text \<open>Reversing paths and exchanging the end vertices \<open>0\<close> and \<open>n\<close> is a symmetry of the setting.\<close>
lemma mirror: "constant_cost_off_edge n k (swap_ends ` E0) (\<lambda>e. C (swap_ends ` e)) c"
proof
  show "3 \<le> k" "k + 2 \<le> n" by (fact three_le_k k_le)+
  have "swap_ends ` E0 \<subseteq> {0..n}"
    using E0_edge by (auto simp: Kedges_iff Transposition.transpose_def)
  moreover have "card (swap_ends ` E0) = card E0"
    by (simp add: card_image)
  ultimately show "swap_ends ` E0 \<in> Kedges n"
    using E0_edge by (simp add: Kedges_iff)
  show "swap_ends ` E0 \<noteq> {0, n}"
    using E0_not_0n by (auto simp: image_swap_ends_eq_iff insert_commute)
  fix xs assume xs: "distinct xs" "set xs \<subseteq> {1..<n}" "length xs = k"
    "swap_ends ` E0 \<notin> walk_edges (0 # xs @ [n])"
  have "map swap_ends (0 # xs @ [n]) = rev (0 # rev xs @ [n])"
    using xs(2) by (auto intro!: map_idI)
  then have "walk_edges (0 # rev xs @ [n]) = image swap_ends ` walk_edges (0 # xs @ [n])"
    "walk_cost (\<lambda>e. C (swap_ends ` e)) (0 # xs @ [n]) = walk_cost C (0 # rev xs @ [n])"
    by (metis walk_edges_map walk_edges_rev, metis walk_cost_map walk_cost_rev)
  moreover have "E0 \<notin> image swap_ends ` walk_edges (0 # xs @ [n])"
  proof
    assume "E0 \<in> image swap_ends ` walk_edges (0 # xs @ [n])"
    then obtain e where "e \<in> walk_edges (0 # xs @ [n])" "E0 = swap_ends ` e"
      by blast
    with xs(4) show False
      by (simp add: image_swap_ends_eq_iff[symmetric])
  qed
  ultimately show "walk_cost (\<lambda>e. C (swap_ends ` e)) (0 # xs @ [n]) = c"
    using xs(1-3) by (simp add: cost_avoiding)
qed

lemma end_swap:
  assumes uwb: "u \<in> {1..<n}" "w \<in> {1..<n}" "b \<in> {1..<n}" "distinct [u, w, b]"
    and avoid: "E0 \<notin> {{u, n}, {w, n}, {u, w}, {u, b}, {w, b}, {0, b}}"
    and meets: "E0 \<inter> {n, u, w} \<noteq> {}"
  shows "C {u, n} = C {w, n} \<and> C {u, b} = C {w, b}"
proof -
  interpret mirrored: constant_cost_off_edge n k "swap_ends ` E0" "\<lambda>e. C (swap_ends ` e)" c
    by (rule mirror)
  have "swap_ends ` E0 \<notin> {{0, u}, {0, w}, {u, w}, {u, b}, {w, b}, {b, n}}"
    using avoid uwb by (auto simp: image_swap_ends_eq_iff insert_commute)
  moreover have "swap_ends ` E0 \<inter> {0, u, w} \<noteq> {}"
    using meets uwb by (force simp: Transposition.transpose_def)
  ultimately show ?thesis
    using mirrored.start_swap[OF uwb] uwb by (simp add: insert_commute)
qed

lemma start_edges_eq_if_meets:
  assumes uv: "u \<in> {1..<n}" "v \<in> {1..<n}" "u \<noteq> v"
    and avoid: "E0 \<notin> {{0, u}, {0, v}, {u, v}}" and meets: "E0 \<inter> {0, u, v} \<noteq> {}"
  shows "C {0, u} = C {0, v}"
proof -
  obtain i where i: "i \<in> E0" "i \<in> {0, u, v}"
    using meets by blast
  obtain j where E0_ij: "E0 = {i, j}"
    using E0_edge i(1) by (auto simp: Kedges_iff card_2_iff doubleton_eq_iff)
  obtain b where b: "b \<in> {1..<n}" "b \<noteq> u" "b \<noteq> v" "b \<noteq> j"
    by (rule obtain_inner_vertex)
  have "b \<notin> E0"
    using E0_ij i(2) b by auto
  then have "E0 \<noteq> {u, b}" "E0 \<noteq> {v, b}" "E0 \<noteq> {b, n}"
    by auto
  then show ?thesis
    using start_swap[of u v b] uv avoid meets b by simp
qed

lemma start_edges_eq:
  assumes u: "u \<in> {1..<n}" "E0 \<noteq> {0, u}" and v: "v \<in> {1..<n}" "E0 \<noteq> {0, v}"
  shows "C {0, u} = C {0, v}"
proof -
  consider "u = v" | "u \<noteq> v" "E0 \<inter> {0, u, v} \<noteq> {}" "E0 \<noteq> {u, v}" | "E0 = {u, v}"
    | "E0 \<inter> {0, u, v} = {}"
    by blast
  then show ?thesis
  proof cases
    case 2
    then show ?thesis using start_edges_eq_if_meets u v by blast
  next
    case 3
    obtain w where w: "w \<in> {1..<n}" "w \<noteq> u" "w \<noteq> v"
      by (rule obtain_inner_vertex)
    have "C {0, u} = C {0, w}" "C {0, w} = C {0, v}"
      using start_edges_eq_if_meets[of u w] start_edges_eq_if_meets[of w v] 3 u v w
      by (auto simp: doubleton_eq_iff)
    then show ?thesis by simp
  next
    case 4
    obtain s where s: "s \<in> E0" "s \<in> {1..<n}"
      by (rule obtain_inner_vertex_of_E0)
    have "C {0, u} = C {0, s}" "C {0, s} = C {0, v}"
      using start_edges_eq_if_meets[of u s] start_edges_eq_if_meets[of s v] 4 u v s by auto
    then show ?thesis by simp
  qed simp
qed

* _Task brief_
Pull every line that holds the string "mirrored" out of the records.

* _Response to the exercise_
  interpret mirrored: constant_cost_off_edge n k "swap_ends ` E0" "\<lambda>e. C (swap_ends ` e)" c
    using mirrored.start_swap[OF uwb] uwb by (simp add: insert_commute)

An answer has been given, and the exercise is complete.